The vicar, one of the most unsympathetic characters in the book, has his suspicions. He has always regarded Paul as something of a milksop and now that his stunning good looks have been blighted he is less of a catch than he might have been. He also has difficulty in believing Paul has got his daughter pregnant.
 
Paul meanwhile is still involved with his old, pre-war friend, Adam, and with Patrick, a local butcher with whom he served in the war and whom he truly loves. The wedding goes ahead. Eventually it is consummated. The child is born and Paul renounces his homosexual friends to honour his new commitments.
 
Marion Husband relates this story extremely well. The reader is fully engaged and feels (at least this one did) great sadness at Paul’s grand renunciation. My only reservation, as I remarked at the beginning of this review, is the absence of any real period feel.
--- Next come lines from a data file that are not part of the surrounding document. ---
(* Let $D\subseteq\mathbb{R}^{p+2}$ be an open set invariant under $(\mathbf{x}_p,r)\mapsto(\mathbf{x}_p,-r)$ and let $f(\mathbf{x})=F_1(\mathbf{x}')+\underline{\omega}F_2(\mathbf{x}')$ be a generalized partial-slice function on $\Omega_D$ induced by a $C^2$ stem function $(F_1,F_2)$, with $f\in C^2(\Omega_D,\mathbb{A})$. Then for all $\mathbf{x}=\mathbf{x}_p+r\underline{\omega}\in\Omega_D$, $$\Delta_{\mathbf{x}}f(\mathbf{x})=\Delta_{\mathbf{x}'}F_1(\mathbf{x}')+\underline{\omega}\Delta_{\mathbf{x}'}F_2(\mathbf{x}')+(q-1)\Big(\big(\tfrac1r\partial_r\big)F_1(\mathbf{x}')+\underline{\omega}\big(\partial_r\tfrac1r\big)F_2(\mathbf{x}')\Big),$$ where $\Delta_{\mathbf{x}'}=\Delta_{\mathbf{x}_p}+\partial_r^2$, and at points $\mathbf{x}'=(\mathbf{x}_p,0)\in D$ the values of $(\frac1r\partial_r)F_1$ and $(\partial_r\frac1r)F_2$ are meant as $\lim_{r\to0}(\frac1r\partial_r)F_1(\mathbf{x}')=\partial_r^2F_1(\mathbf{x}_p,0)$ and $\lim_{r\to0}(\partial_r\frac1r)F_2(\mathbf{x}')=\frac12\partial_r^2F_2(\mathbf{x}_p,0)$.
   Context: Let $\mathbb{A}$ be a real alternative algebra (the associator $[a,b,c]=(ab)c-a(bc)$ is an alternating trilinear function) with unity $1$, of finite real dimension $d>1$, equipped with an anti-involution $a\mapsto a^c$ (real linear, $a^c=a$ for real $a$, $(a^c)^c=a$, $(ab)^c=b^ca^c$). Let $t(x)=x+x^c$, $n(x)=xx^c$, $\mathbb{S}_{\mathbb{A}}=\{x: t(x)=0,\ n(x)=1\}$ (assumed nonempty) and $Q_{\mathbb{A}}=\mathbb{R}\cup\{x: t(x)\in\mathbb{R},\ n(x)\in\mathbb{R},\ 4n(x)>t(x)^2\}$. Let $M$ be a real subspace with $\mathbb{R}\subsetneq M\subseteq Q_{\mathbb{A}}$ having a basis $(v_0,\dots,v_m)$, $m\ge1$, $v_0=1$, $v_s\in\mathbb{S}_{\mathbb{A}}$, $v_sv_t=-v_tv_s$ for distinct $s,t\ge1$; complete it to a basis of $\mathbb{A}$ with associated Euclidean norm. Identify $x=\sum x_sv_s\in M$ with $(x_0,\dots,x_m)\in\mathbb{R}^{m+1}$; differentiate componentwise. Fix $p\in\{0,\dots,m-1\}$, $q=m-p$; $\mathbf{x}=\mathbf{x}_p+\underline{\mathbf{x}}_q$ with $\mathbf{x}_p=\sum_{s=0}^px_sv_s\in\mathbb{R}^{p+1}$, $\underline{\mathbf{x}}_q=\sum_{s=p+1}^m x_sv_s$; $\mathbb{S}=\{\sum_{s=p+1}^m x_sv_s:\sum x_s^2=1\}$; $\underline{\mathbf{x}}_q=r\underline{\omega}$, $r=|\underline{\mathbf{x}}_q|$, $\underline{\omega}\in\mathbb{S}$; $\mathbf{x}'=(\mathbf{x}_p,r)$. $\Delta_{\mathbf{x}_p}=\sum_{s=0}^p\partial_{x_s}^2$, $\Delta_{\mathbf{x}}=\sum_{s=0}^m\partial_{x_s}^2$; $(\partial_r\frac1r)G$ means $\partial_r(G/r)$. For open $D$ invariant under the reflection, $\Omega_D=\{\mathbf{x}_p+r\underline{\omega}:(\mathbf{x}_p,r)\in D,\ r\ge0,\ \underline{\omega}\in\mathbb{S}\}$; a stem function $(F_1,F_2):D\to\mathbb{A}^2$ has $F_1$ even and $F_2$ odd in $r$ and induces $f(\mathbf{x}_p+r\underline{\omega})=F_1(\mathbf{x}')+\underline{\omega}F_2(\mathbf{x}')$. *)

theory Defs
  imports "HOL-Analysis.Analysis"
begin

text \<open>Real numbers c are identified with c *R one.\<close>

definition associator :: "('a::real_vector \<Rightarrow> 'a \<Rightarrow> 'a) \<Rightarrow> 'a \<Rightarrow> 'a \<Rightarrow> 'a \<Rightarrow> 'a" where
  "associator mul a b c = mul (mul a b) c - mul a (mul b c)"

definition alt_algebra_invol ::
  "('a::real_vector \<Rightarrow> 'a \<Rightarrow> 'a) \<Rightarrow> 'a \<Rightarrow> ('a \<Rightarrow> 'a) \<Rightarrow> bool" where
  "alt_algebra_invol mul one cj \<longleftrightarrow>
     bilinear mul \<and>
     (\<forall>a. mul one a = a \<and> mul a one = a) \<and>
     (\<forall>a b. associator mul a a b = 0 \<and> associator mul a b a = 0 \<and> associator mul b a a = 0) \<and>
     linear cj \<and>
     (\<forall>c. cj (c *\<^sub>R one) = c *\<^sub>R one) \<and>
     (\<forall>a. cj (cj a) = a) \<and>
     (\<forall>a b. cj (mul a b) = mul (cj b) (cj a))"

definition alg_t :: "('a::real_vector \<Rightarrow> 'a) \<Rightarrow> 'a \<Rightarrow> 'a" where
  "alg_t cj x = x + cj x"

definition alg_n :: "('a::real_vector \<Rightarrow> 'a \<Rightarrow> 'a) \<Rightarrow> ('a \<Rightarrow> 'a) \<Rightarrow> 'a \<Rightarrow> 'a" where
  "alg_n mul cj x = mul x (cj x)"

definition sphere_A :: "('a::real_vector \<Rightarrow> 'a \<Rightarrow> 'a) \<Rightarrow> 'a \<Rightarrow> ('a \<Rightarrow> 'a) \<Rightarrow> 'a set" where
  "sphere_A mul one cj = {x. alg_t cj x = 0 \<and> alg_n mul cj x = one}"

definition quadratic_cone :: "('a::real_vector \<Rightarrow> 'a \<Rightarrow> 'a) \<Rightarrow> 'a \<Rightarrow> ('a \<Rightarrow> 'a) \<Rightarrow> 'a set" where
  "quadratic_cone mul one cj =
     range (\<lambda>c::real. c *\<^sub>R one) \<union>
     {x. \<exists>a b::real. alg_t cj x = a *\<^sub>R one \<and> alg_n mul cj x = b *\<^sub>R one \<and> 4 * b > a\<^sup>2}"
Educated as I was as a child by Edwardian teachers, women who were then known as “maiden ladies”, who had never married because the flower of England’s youth had been wiped out in France, I was very aware of their speech patterns and outlook. There is no hint of that in this novel which seems very contemporary apart from the need to save Margot’s “honour”. Nonetheless, this is a fine and thought-provoking book, well-organised and totally believable. Had The Boy I Love created the same atmosphere as Bertram Cope's Year it would have been nearly perfect. As it is it deals honestly but somewhat anachronistically with its subject matter.